lemma weak_conv_m_scale_std_normal:
  assumes s: "\<sigma> > 0" and X: "\<And>n. X n \<in> borel_measurable M"
    and conv: "weak_conv_m (\<lambda>n. distr M borel (X n)) std_normal_distribution"
  shows "weak_conv_m (\<lambda>n. distr M borel (\<lambda>\<omega>. \<sigma> * X n \<omega>)) (normal_measure (\<sigma>\<^sup>2))"
  unfolding weak_conv_m_def weak_conv_def
proof (intro allI impI)
  fix x :: real
  have "(\<lambda>\<omega>. \<sigma> * X n \<omega>) \<in> borel_measurable M" for n using X by measurable
  moreover have "{\<omega> \<in> space M. \<sigma> * X n \<omega> \<le> x} = {\<omega> \<in> space M. X n \<omega> \<le> x / \<sigma>}" for n
    using s by (auto simp: pos_le_divide_eq mult.commute)
  moreover have "(\<lambda>n. cdf (distr M borel (X n)) (x / \<sigma>)) \<longlonglongrightarrow> cdf std_normal_distribution (x / \<sigma>)"
    using conv isCont_cdf_std_normal unfolding weak_conv_m_def weak_conv_def by blast
  ultimately show "(\<lambda>n. cdf (distr M borel (\<lambda>\<omega>. \<sigma> * X n \<omega>)) x) \<longlonglongrightarrow> cdf (normal_measure (\<sigma>\<^sup>2)) x"
    by (simp add: cdf_normal_measure[OF s] cdf_distr_eq X)
qed

section \<open>Square-integrable functions\<close>

definition square_integrable :: "'a measure \<Rightarrow> ('a \<Rightarrow> real) \<Rightarrow> bool" where
  "square_integrable M f \<longleftrightarrow> f \<in> borel_measurable M \<and> integrable M (\<lambda>x. (f x)\<^sup>2)"

lemma square_integrable_measurable: "square_integrable M f \<Longrightarrow> f \<in> borel_measurable M"
  unfolding square_integrable_def by blast

lemma square_integrable_integrable_square:
  "square_integrable M f \<Longrightarrow> integrable M (\<lambda>x. (f x)\<^sup>2)"
  unfolding square_integrable_def by blast

lemma integrable_mult_square_integrable:
  assumes f: "square_integrable M f" and g: "square_integrable M g"
  shows "integrable M (\<lambda>x. f x * g x)"
proof (rule Bochner_Integration.integrable_bound)
  show "integrable M (\<lambda>x. (f x)\<^sup>2 + (g x)\<^sup>2)" using f g unfolding square_integrable_def by auto
  show "(\<lambda>x. f x * g x) \<in> borel_measurable M"
    using square_integrable_measurable[OF f] square_integrable_measurable[OF g]
    by (rule borel_measurable_times)
  have "norm (f x * g x) \<le> norm ((f x)\<^sup>2 + (g x)\<^sup>2)" for x
  proof -
    have "2 * \<bar>f x\<bar> * \<bar>g x\<bar> \<le> (f x)\<^sup>2 + (g x)\<^sup>2"
      using sum_squares_bound[of "\<bar>f x\<bar>" "\<bar>g x\<bar>"] by simp
    moreover have "0 \<le> \<bar>f x\<bar> * \<bar>g x\<bar>" by simp
    ultimately have "\<bar>f x\<bar> * \<bar>g x\<bar> \<le> (f x)\<^sup>2 + (g x)\<^sup>2" by linarith
    then show ?thesis by (simp add: abs_mult)
  qed
  then show "AE x in M. norm (f x * g x) \<le> norm ((f x)\<^sup>2 + (g x)\<^sup>2)" by simp
qed

lemma square_integrable_add:
  assumes f: "square_integrable M f" and g: "square_integrable M g"
  shows "square_integrable M (\<lambda>x. f x + g x)"
  unfolding square_integrable_def
proof
  show "(\<lambda>x. f x + g x) \<in> borel_measurable M"
    using square_integrable_measurable[OF f] square_integrable_measurable[OF g]
    by (rule borel_measurable_add)
  have "integrable M (\<lambda>x. (f x)\<^sup>2 + (g x)\<^sup>2 + 2 * (f x * g x))"
    using square_integrable_integrable_square[OF f] square_integrable_integrable_square[OF g]
      integrable_mult_square_integrable[OF f g] by simp
  then show "integrable M (\<lambda>x. (f x + g x)\<^sup>2)"
    by (simp add: power2_sum mult.assoc)
qed

lemma square_integrable_cmult: "square_integrable M f \<Longrightarrow> square_integrable M (\<lambda>x. c * f x)"
  unfolding square_integrable_def by (simp add: power_mult_distrib borel_measurable_times)

lemma square_integrable_diff:
  "square_integrable M f \<Longrightarrow> square_integrable M g \<Longrightarrow> square_integrable M (\<lambda>x. f x - g x)"
  using square_integrable_add[of M f "\<lambda>x. -1 * g x"] square_integrable_cmult[of M g "-1"] by simp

ABOUT THIS EXERCISE.
What is wanted is the complete set of entries, returned verbatim.

REPLY TO THE EXERCISE.
lemma weak_conv_m_scale_std_normal:
  assumes s: "\<sigma> > 0" and X: "\<And>n. X n \<in> borel_measurable M"
    and conv: "weak_conv_m (\<lambda>n. distr M borel (X n)) std_normal_distribution"
  shows "weak_conv_m (\<lambda>n. distr M borel (\<lambda>\<omega>. \<sigma> * X n \<omega>)) (normal_measure (\<sigma>\<^sup>2))"
  unfolding weak_conv_m_def weak_conv_def
proof (intro allI impI)
  fix x :: real
  have "(\<lambda>\<omega>. \<sigma> * X n \<omega>) \<in> borel_measurable M" for n using X by measurable
  moreover have "{\<omega> \<in> space M. \<sigma> * X n \<omega> \<le> x} = {\<omega> \<in> space M. X n \<omega> \<le> x / \<sigma>}" for n
    using s by (auto simp: pos_le_divide_eq mult.commute)
  moreover have "(\<lambda>n. cdf (distr M borel (X n)) (x / \<sigma>)) \<longlonglongrightarrow> cdf std_normal_distribution (x / \<sigma>)"
    using conv isCont_cdf_std_normal unfolding weak_conv_m_def weak_conv_def by blast
  ultimately show "(\<lambda>n. cdf (distr M borel (\<lambda>\<omega>. \<sigma> * X n \<omega>)) x) \<longlonglongrightarrow> cdf (normal_measure (\<sigma>\<^sup>2)) x"
    by (simp add: cdf_normal_measure[OF s] cdf_distr_eq X)
qed

section \<open>Square-integrable functions\<close>

definition square_integrable :: "'a measure \<Rightarrow> ('a \<Rightarrow> real) \<Rightarrow> bool" where
  "square_integrable M f \<longleftrightarrow> f \<in> borel_measurable M \<and> integrable M (\<lambda>x. (f x)\<^sup>2)"

lemma square_integrable_measurable: "square_integrable M f \<Longrightarrow> f \<in> borel_measurable M"
  unfolding square_integrable_def by blast

lemma square_integrable_integrable_square:
  "square_integrable M f \<Longrightarrow> integrable M (\<lambda>x. (f x)\<^sup>2)"
  unfolding square_integrable_def by blast

lemma integrable_mult_square_integrable:
  assumes f: "square_integrable M f" and g: "square_integrable M g"
  shows "integrable M (\<lambda>x. f x * g x)"
proof (rule Bochner_Integration.integrable_bound)
  show "integrable M (\<lambda>x. (f x)\<^sup>2 + (g x)\<^sup>2)" using f g unfolding square_integrable_def by auto
  show "(\<lambda>x. f x * g x) \<in> borel_measurable M"
    using square_integrable_measurable[OF f] square_integrable_measurable[OF g]
    by (rule borel_measurable_times)
  have "norm (f x * g x) \<le> norm ((f x)\<^sup>2 + (g x)\<^sup>2)" for x
  proof -
    have "2 * \<bar>f x\<bar> * \<bar>g x\<bar> \<le> (f x)\<^sup>2 + (g x)\<^sup>2"
      using sum_squares_bound[of "\<bar>f x\<bar>" "\<bar>g x\<bar>"] by simp
    moreover have "0 \<le> \<bar>f x\<bar> * \<bar>g x\<bar>" by simp
    ultimately have "\<bar>f x\<bar> * \<bar>g x\<bar> \<le> (f x)\<^sup>2 + (g x)\<^sup>2" by linarith
    then show ?thesis by (simp add: abs_mult)
  qed
  then show "AE x in M. norm (f x * g x) \<le> norm ((f x)\<^sup>2 + (g x)\<^sup>2)" by simp
qed

lemma square_integrable_add:
  assumes f: "square_integrable M f" and g: "square_integrable M g"
  shows "square_integrable M (\<lambda>x. f x + g x)"
  unfolding square_integrable_def
proof
  show "(\<lambda>x. f x + g x) \<in> borel_measurable M"
    using square_integrable_measurable[OF f] square_integrable_measurable[OF g]
    by (rule borel_measurable_add)
  have "integrable M (\<lambda>x. (f x)\<^sup>2 + (g x)\<^sup>2 + 2 * (f x * g x))"
    using square_integrable_integrable_square[OF f] square_integrable_integrable_square[OF g]
      integrable_mult_square_integrable[OF f g] by simp
  then show "integrable M (\<lambda>x. (f x + g x)\<^sup>2)"
    by (simp add: power2_sum mult.assoc)
qed

lemma square_integrable_cmult: "square_integrable M f \<Longrightarrow> square_integrable M (\<lambda>x. c * f x)"
  unfolding square_integrable_def by (simp add: power_mult_distrib borel_measurable_times)

lemma square_integrable_diff:
  "square_integrable M f \<Longrightarrow> square_integrable M g \<Longrightarrow> square_integrable M (\<lambda>x. f x - g x)"
  using square_integrable_add[of M f "\<lambda>x. -1 * g x"] square_integrable_cmult[of M g "-1"] by simp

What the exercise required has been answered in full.